THE PROBLEM >> Locate and copy each line in the data that contains the word "induction".

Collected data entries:
(* Let $t\geq 2$ be an integer, $m=4t+2$, $n=2^m+1$, and let $\delta_2=2^{4t-1}+\frac{2^{4t}-1}{5}$, $\delta_3=\delta_2-6$, and $\delta_4=\delta_2-8$, $\delta_5=\delta_2-24$ if $t=2$, $\delta_4=\delta_2-96$, $\delta_5=\delta_2-102$ if $t>2$. If $1\leq x\leq 2^{2t+2}+2^{2t+1}+3$ or $x\in\{\delta_2,\delta_3,\delta_4,\delta_5\}$, then $|C_x|=2m$.
   Context: For $n=2^m+1$ and an integer $x$, the 2-cyclotomic coset of $x$ modulo $n$ is $C_x=\{x\cdot 2^{j} \bmod n : j\geq 0\}\subseteq\{0,1,\dots,n-1\}$, and $|C_x|$ its cardinality. *)

theory Defs
  imports Main
begin

definition cyc_coset :: "nat \<Rightarrow> int \<Rightarrow> int set" where
  "cyc_coset n x = {(x * 2 ^ j) mod int n | j::nat. True}"

end

theory Submission
  imports Defs
begin

text \<open>Let n = 2^m + 1 with m = 2u. Then |C_x| is the least k > 0 with n | x(2^k - 1);
  such k are closed under gcd and include 2m, because 2^{2m} = 1 (mod n). So if |C_x| < 2m,
  some such k is a proper divisor of 2m = 4u. Either k | m, and then n | x since
  2^m - 1 = -2 (mod n); or k = 4f with f a proper divisor of u, and then
  2^{4f} - 1 = (2^{2f} - 1)(2^{2f} + 1) shows that y = x(2^{2f} + 1) satisfies n | y(2^m - 1),
  hence n | y. Both are ruled out by size: for small x, 0 < x(2^{2f} + 1) < n; for the
  \<delta>_i one has 40\<delta>_i = 7n - s with s \<in> {15, 255, 3855, 4095}, so n | \<delta>_i(2^{2f} + 1)
  would give n | s(2^{2f} + 1).\<close>

definition coset_period :: "int \<Rightarrow> int \<Rightarrow> nat \<Rightarrow> bool" where
  "coset_period N x k \<longleftrightarrow> N dvd x * (2 ^ k - 1)"

lemma coset_period_add:
  assumes "coset_period N x a" "coset_period N x b"
  shows "coset_period N x (a + b)"
proof -
  have "x * (2 ^ (a + b) - 1) = 2 ^ a * (x * (2 ^ b - 1)) + x * (2 ^ a - 1)"
    by (simp add: power_add algebra_simps)
  then show ?thesis using assms unfolding coset_period_def by simp
qed

lemma coset_period_mult:
  assumes "coset_period N x a"
  shows "coset_period N x (a * j)"
proof (induction j)
  case 0
  then show ?case by (simp add: coset_period_def)
next
  case (Suc j)
  then show ?case using coset_period_add[OF assms Suc.IH] by simp
qed

lemma coset_period_dvd:
  "coset_period N x a \<Longrightarrow> a dvd b \<Longrightarrow> coset_period N x b"
  using coset_period_mult by (auto elim!: dvdE)

lemma coset_period_cancel:
  assumes "odd N" "coset_period N x a" "coset_period N x (a + b)"
  shows "coset_period N x b"
proof -
  have "2 ^ a * (x * (2 ^ b - 1)) = x * (2 ^ (a + b) - 1) - x * (2 ^ a - 1)"
    by (simp add: power_add algebra_simps)
  then have "N dvd 2 ^ a * (x * (2 ^ b - 1))"
    using assms(2,3) unfolding coset_period_def by (simp add: dvd_diff)
  moreover have "coprime N (2 ^ a)" using assms(1) by simp
  ultimately show ?thesis unfolding coset_period_def using coprime_dvd_mult_right_iff by blast
qed

lemma coset_period_gcd:
  assumes "odd N" "coset_period N x a" "coset_period N x b"
  shows "coset_period N x (gcd a b)"
proof (cases "a = 0")
  case True
  then show ?thesis using assms(3) by simp
next
  case False
  then obtain u v where "a * u = b * v + gcd a b" using bezout_nat by blast
  then show ?thesis
    using coset_period_cancel[OF assms(1) coset_period_mult[OF assms(3)]]
      coset_period_mult[OF assms(2)] by metis
qed

lemma coset_period_of_mod_eq:
  assumes "odd N" "i < j" "x * 2 ^ i mod N = x * 2 ^ j mod N"
  shows "coset_period N x (j - i)"
proof -
  have "x * 2 ^ j - x * 2 ^ i = 2 ^ i * (x * (2 ^ (j - i) - 1))"
    using assms(2) by (simp add: algebra_simps flip: power_add)
  moreover have "N dvd x * 2 ^ j - x * 2 ^ i" using assms(3) by (metis mod_eq_dvd_iff)
  moreover have "coprime N (2 ^ i)" using assms(1) by simp
  ultimately show ?thesis unfolding coset_period_def
    using coprime_dvd_mult_right_iff by metis
qed

lemma mod_eq_of_coset_period:
  assumes "coset_period N x K"
  shows "x * 2 ^ j mod N = x * 2 ^ (j mod K) mod N"
proof -
  have "x * 2 ^ j - x * 2 ^ (j mod K) = 2 ^ (j mod K) * (x * (2 ^ (K * (j div K)) - 1))"
    by (simp add: algebra_simps flip: power_add)
  moreover have "coset_period N x (K * (j div K))" using coset_period_mult[OF assms] .
  ultimately show ?thesis unfolding coset_period_def by (metis dvd_mult mod_eq_dvd_iff)
qed

lemma card_cyc_coset:
  assumes "odd (int n)" "0 < K" "coset_period (int n) x K"
    and "\<And>k. 0 < k \<Longrightarrow> k < K \<Longrightarrow> \<not> coset_period (int n) x k"
  shows "card (cyc_coset n x) = K"
proof -
  let ?orbit = "\<lambda>j. x * 2 ^ j mod int n"
  have "cyc_coset n x = ?orbit ` {..<K}"
  proof (intro equalityI subsetI)
    fix z assume "z \<in> cyc_coset n x"
    then obtain j where "z = ?orbit (j mod K)"
      unfolding cyc_coset_def using mod_eq_of_coset_period[OF assms(3)] by auto
    then show "z \<in> ?orbit ` {..<K}" using assms(2) by auto
  qed (auto simp: cyc_coset_def)
  moreover have "inj_on ?orbit {..<K}"
  proof (rule linorder_inj_onI')
    fix i j assume "i \<in> {..<K}" "j \<in> {..<K}" "i < j"
    then have "0 < j - i" "j - i < K" by auto
    then show "?orbit i \<noteq> ?orbit j"
      using assms(4) coset_period_of_mod_eq[OF assms(1) \<open>i < j\<close>] by blast
  qed
  ultimately show ?thesis by (simp add: card_image)
qed

lemma coset_period_Fermat_double: "coset_period (2 ^ m + 1) x (2 * m)"
proof -
  have "(2::int) ^ (2 * m) - 1 = (2 ^ m + 1) * (2 ^ m - 1)"
    by (simp add: power_mult algebra_simps power2_eq_square)
  then show ?thesis unfolding coset_period_def by simp
qed

lemma coset_period_Fermat_half:
  assumes "0 < m" "coset_period (2 ^ m + 1) x m"
  shows "(2 ^ m + 1) dvd x"
proof -
  have "2 * x = x * (2 ^ m + 1) - x * (2 ^ m - 1)" by (simp add: algebra_simps)
  then have "(2 ^ m + 1) dvd 2 * x" using assms(2) unfolding coset_period_def by (simp add: dvd_diff)
  moreover have "coprime (2 ^ m + 1) (2::int)" using assms(1) by simp
  ultimately show ?thesis using coprime_dvd_mult_right_iff by blast
qed

lemma dvd_quadruple_not_dvd_double:
  fixes e u :: nat
  assumes "e dvd 4 * u" "\<not> e dvd 2 * u"
  obtains f where "e = 4 * f" "f dvd u"
proof -
  obtain c where c: "4 * u = e * c" using assms(1) by (auto elim: dvdE)
  show ?thesis
  proof (cases "even c")
    case True
    then obtain c' where "c = 2 * c'" by blast
    then have "2 * u = e * c'" using c by simp
    then show ?thesis using assms(2) by simp
  next
    case False
    then have "coprime 4 c" using coprime_power_left_iff[of 2 2 c] by simp
    then have "4 dvd e" using c by (metis coprime_dvd_mult_left_iff dvd_triv_left)
    then obtain f where "e = 4 * f" by blast
    moreover from this have "u = f * c" using c by simp
    ultimately show ?thesis using that by simp
  qed
qed

lemma card_cyc_coset_Fermat:
  fixes u :: nat and x :: int
  assumes "1 < u"
    and no_dvd: "\<And>f. f dvd u \<Longrightarrow> f < u \<Longrightarrow> \<not> (2 ^ (2 * u) + 1) dvd x * (2 ^ (2 * f) + 1)"
  shows "card (cyc_coset (2 ^ (2 * u) + 1) x) = 4 * u"
proof -
  define m where "m = 2 * u"
  let ?N = "(2::int) ^ m + 1"
  have odd_N: "odd ?N" and "0 < m" using assms(1) by (simp_all add: m_def)
  have "\<not> ?N dvd x" using no_dvd[of 1] assms(1) unfolding m_def by (metis dvd_mult2 one_dvd)
  have no_short_period: "\<not> coset_period ?N x k" if "0 < k" "k < 2 * m" for k
  proof
    assume "coset_period ?N x k"
    define e where "e = gcd k (2 * m)"
    have e_period: "coset_period ?N x e"
      unfolding e_def by (rule coset_period_gcd[OF odd_N \<open>coset_period ?N x k\<close> coset_period_Fermat_double])
    have "e dvd 4 * u" unfolding e_def m_def by simp
    have "e \<le> k" unfolding e_def using \<open>0 < k\<close> by (rule gcd_le1_nat[OF gr_implies_not0])
    then have "e < 4 * u" using \<open>k < 2 * m\<close> unfolding m_def by simp
    show False
    proof (cases "e dvd m")
      case True
      then show False
        using coset_period_Fermat_half[OF \<open>0 < m\<close> coset_period_dvd[OF e_period]] \<open>\<not> ?N dvd x\<close> by blast
    next
      case False
      then obtain f where f: "e = 4 * f" "f dvd u"
        using dvd_quadruple_not_dvd_double \<open>e dvd 4 * u\<close> unfolding m_def by blast
      define y where "y = x * (2 ^ (2 * f) + 1)"
      have "(2::int) ^ (4 * f) = 2 ^ (2 * f) * 2 ^ (2 * f)" by (simp flip: power_add)
      then have "x * (2 ^ e - 1) = y * (2 ^ (2 * f) - 1)"
        unfolding y_def f(1) by (simp add: algebra_simps)
      then have "coset_period ?N y (2 * f)" using e_period unfolding coset_period_def by simp
      then have "?N dvd y"
        using coset_period_Fermat_half[OF \<open>0 < m\<close> coset_period_dvd] f(2) unfolding m_def by simp
      moreover have "f < u" using \<open>e < 4 * u\<close> f(1) by simp
      ultimately show False using no_dvd f(2) unfolding y_def m_def by blast
    qed
  qed
  have N: "int (2 ^ m + 1) = ?N" by simp
  have "card (cyc_coset (2 ^ m + 1) x) = 2 * m"
    using \<open>0 < m\<close> by (intro card_cyc_coset[of "2 ^ m + 1", unfolded N]
      odd_N coset_period_Fermat_double no_short_period) simp_all
  then show ?thesis by (simp add: m_def)
qed

lemma proper_divisor_of_odd_triple_le:
  fixes f u :: nat
  assumes "odd u" "f dvd u" "f < u"
  shows "3 * f \<le> u"
proof -
  obtain c where c: "u = f * c" using assms(2) by blast
  then have "odd c" "c \<noteq> 1" "c \<noteq> 0" using assms(1,3) by auto
  then have "3 \<le> c" by presburger
  then show ?thesis using c by simp
qed

lemma Fermat_not_dvd_small_mult:
  fixes s :: int and a f m :: nat
  assumes "0 < s" "s < 2 ^ a" "a + 2 * f + 1 \<le> m"
  shows "\<not> (2 ^ m + 1) dvd s * (2 ^ (2 * f) + 1)"
proof -
  have "s * (2 ^ (2 * f) + 1) \<le> s * 2 ^ (2 * f + 1)" using assms(1) by simp
  also have "\<dots> < 2 ^ a * 2 ^ (2 * f + 1)" using assms(2) by simp
  also have "\<dots> = 2 ^ (a + 2 * f + 1)" by (simp add: power_add)
  also have "\<dots> \<le> 2 ^ m" using assms(3) by (intro power_increasing) simp_all
  finally show ?thesis using assms(1) zdvd_not_zless[of "s * (2 ^ (2 * f) + 1)" "2 ^ m + 1"] by simp
qed

lemma Fermat_not_dvd_range_mult:
  fixes t f :: nat and x :: int
  assumes "2 \<le> t" "1 \<le> x" "x \<le> 2 ^ (2 * t + 2) + 2 ^ (2 * t + 1) + 3"
    and "f dvd 2 * t + 1" "f < 2 * t + 1"
  shows "\<not> (2 ^ (4 * t + 2) + 1) dvd x * (2 ^ (2 * f) + 1)"
proof (rule Fermat_not_dvd_small_mult)
  have "(2::int) ^ 5 \<le> 2 ^ (2 * t + 1)" using assms(1) by (intro power_increasing) simp_all
  then show "x < 2 ^ (2 * t + 3)" using assms(3) by (simp add: power_add)
  have "3 * f \<le> 2 * t + 1" using proper_divisor_of_odd_triple_le assms(4,5) by simp
  then show "2 * t + 3 + 2 * f + 1 \<le> 4 * t + 2" using assms(1) by presburger
qed (use assms(2) in simp)

lemma five_dvd_two_pow_four_mult_minus_one: "(5::int) dvd 2 ^ (4 * k) - 1"
proof (induction k)
  case 0
  then show ?case by simp
next
  case (Suc k)
  have "(2::int) ^ (4 * Suc k) - 1 = 16 * (2 ^ (4 * k) - 1) + 15" by (simp add: power_add)
  also have "5 dvd \<dots>" by (rule dvd_add[OF dvd_mult[OF Suc.IH]]) simp
  finally show ?case .
qed

lemma forty_delta2_eq:
  fixes t :: nat
  assumes "1 \<le> t"
  shows "40 * ((2::int) ^ (4 * t - 1) + (2 ^ (4 * t) - 1) div 5) = 7 * (2 ^ (4 * t + 2) + 1) - 15"
proof -
  define A where "A = (2::int) ^ (4 * t)"
  have "2 * 2 ^ (4 * t - 1) = A" unfolding A_def using assms by (simp flip: power_Suc)
  moreover have "5 * ((A - 1) div 5) = A - 1"
    unfolding A_def using five_dvd_two_pow_four_mult_minus_one[of t] by simp
  moreover have "(2::int) ^ (4 * t + 2) = 4 * A" unfolding A_def by (simp add: power_add)
  moreover have "40 * ((2::int) ^ (4 * t - 1) + (A - 1) div 5)
      = 20 * (2 * 2 ^ (4 * t - 1)) + 8 * (5 * ((A - 1) div 5))" by simp
  ultimately show ?thesis unfolding A_def[symmetric] by simp
qed

lemma dvd_mult_of_linear_relation:
  fixes N d s q c k :: int
  assumes "c * d = k * N - s" "N dvd d * q"
  shows "N dvd s * q"
proof -
  have "s * q = N * (k * q) - c * (d * q)"
    using arg_cong[of _ _ "\<lambda>z. z * q", OF assms(1)] by (simp add: algebra_simps)
  then show ?thesis using assms(2) by (simp add: dvd_diff)
qed

lemma Fermat_not_dvd_mult_near_seven_fortieths:
  fixes t f :: nat and x s :: int
  assumes "3 \<le> t" "s \<in> {15, 255, 3855, 4095}" "40 * x = 7 * (2 ^ (4 * t + 2) + 1) - s"
    and "f dvd 2 * t + 1" "f < 2 * t + 1"
  shows "\<not> (2 ^ (4 * t + 2) + 1) dvd x * (2 ^ (2 * f) + 1)"
proof
  assume "(2 ^ (4 * t + 2) + 1) dvd x * (2 ^ (2 * f) + 1)"
  then have dvd: "(2 ^ (4 * t + 2) + 1) dvd s * (2 ^ (2 * f) + 1)"
    using dvd_mult_of_linear_relation[OF assms(3)] by blast
  have "3 * f \<le> 2 * t + 1" using proper_divisor_of_odd_triple_le assms(4,5) by simp
  moreover have "odd f" using assms(4) dvd_trans[of 2 f "2 * t + 1"] by auto
  ultimately have "t = 3 \<and> f = 1 \<or> t = 4 \<and> (f = 1 \<or> f = 3) \<or> 12 + 2 * f + 1 \<le> 4 * t + 2"
    using assms(1) by presburger
  then consider "t = 3" "f = 1" | "t = 4" "f = 1 \<or> f = 3" | "12 + 2 * f + 1 \<le> 4 * t + 2"
    by blast
  then show False
  proof cases
    case 3
    have "0 < s" "s < 2 ^ 12" using assms(2) by auto
    then show False using dvd Fermat_not_dvd_small_mult[OF _ _ 3] by blast
  qed (use dvd assms(2) in auto)
qed

lemma Fermat_not_dvd_delta_mult:
  fixes t f :: nat and x :: int
  defines "\<delta> \<equiv> (2::int) ^ (4 * t - 1) + (2 ^ (4 * t) - 1) div 5"
  assumes "2 \<le> t"
    and "x \<in> {\<delta>, \<delta> - 6, if t = 2 then \<delta> - 8 else \<delta> - 96, if t = 2 then \<delta> - 24 else \<delta> - 102}"
    and "f dvd 2 * t + 1" "f < 2 * t + 1"
  shows "\<not> (2 ^ (4 * t + 2) + 1) dvd x * (2 ^ (2 * f) + 1)"
proof (cases "t = 2")
  case True
  then have "3 * f \<le> 5" "f \<noteq> 0" using proper_divisor_of_odd_triple_le assms(4,5) by auto
  then have "f = 1" by linarith
  moreover have "x \<in> {179, 173, 171, 155}" using assms(3) True unfolding \<delta>_def by simp
  ultimately show ?thesis using True by auto
next
  case False
  have "40 * \<delta> = 7 * (2 ^ (4 * t + 2) + 1) - 15"
    unfolding \<delta>_def using forty_delta2_eq assms(2) by simp
  then have "40 * x \<in> (\<lambda>s. 7 * (2 ^ (4 * t + 2) + 1) - s) ` {15, 255, 3855, 4095}"
    using assms(3) False by auto
  then obtain s where "s \<in> {15, 255, 3855, 4095}" "40 * x = 7 * (2 ^ (4 * t + 2) + 1) - s"
    by blast
  then show ?thesis
    using Fermat_not_dvd_mult_near_seven_fortieths False assms(2,4,5) by simp
qed

theorem lemma4p6:
  fixes t :: nat and x :: int
  assumes "t \<ge> 2"
  defines "m \<equiv> 4 * t + 2"
  defines "n \<equiv> 2 ^ m + 1"
  defines "\<delta>2 \<equiv> (2::int) ^ (4 * t - 1) + (2 ^ (4 * t) - 1) div 5"
  defines "\<delta>3 \<equiv> \<delta>2 - 6"
  defines "\<delta>4 \<equiv> (if t = 2 then \<delta>2 - 8 else \<delta>2 - 96)"
  defines "\<delta>5 \<equiv> (if t = 2 then \<delta>2 - 24 else \<delta>2 - 102)"
  assumes "(1 \<le> x \<and> x \<le> 2 ^ (2 * t + 2) + 2 ^ (2 * t + 1) + 3) \<or> x \<in> {\<delta>2, \<delta>3, \<delta>4, \<delta>5}"
  shows "card (cyc_coset n x) = 2 * m"
proof -
  have "\<not> (2 ^ (4 * t + 2) + 1) dvd x * (2 ^ (2 * f) + 1)"
    if "f dvd 2 * t + 1" "f < 2 * t + 1" for f
    using assms(1,8) Fermat_not_dvd_range_mult[OF assms(1) _ _ that]
      Fermat_not_dvd_delta_mult[OF assms(1) _ that]
    unfolding \<delta>2_def \<delta>3_def \<delta>4_def \<delta>5_def by blast
  then have "card (cyc_coset (2 ^ (2 * (2 * t + 1)) + 1) x) = 4 * (2 * t + 1)"
    using assms(1) by (intro card_cyc_coset_Fermat) simp_all
  then show ?thesis unfolding n_def m_def by (simp add: algebra_simps)
qed

end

WRITTEN RESPONSE >>
proof (induction j)
proof (induction k)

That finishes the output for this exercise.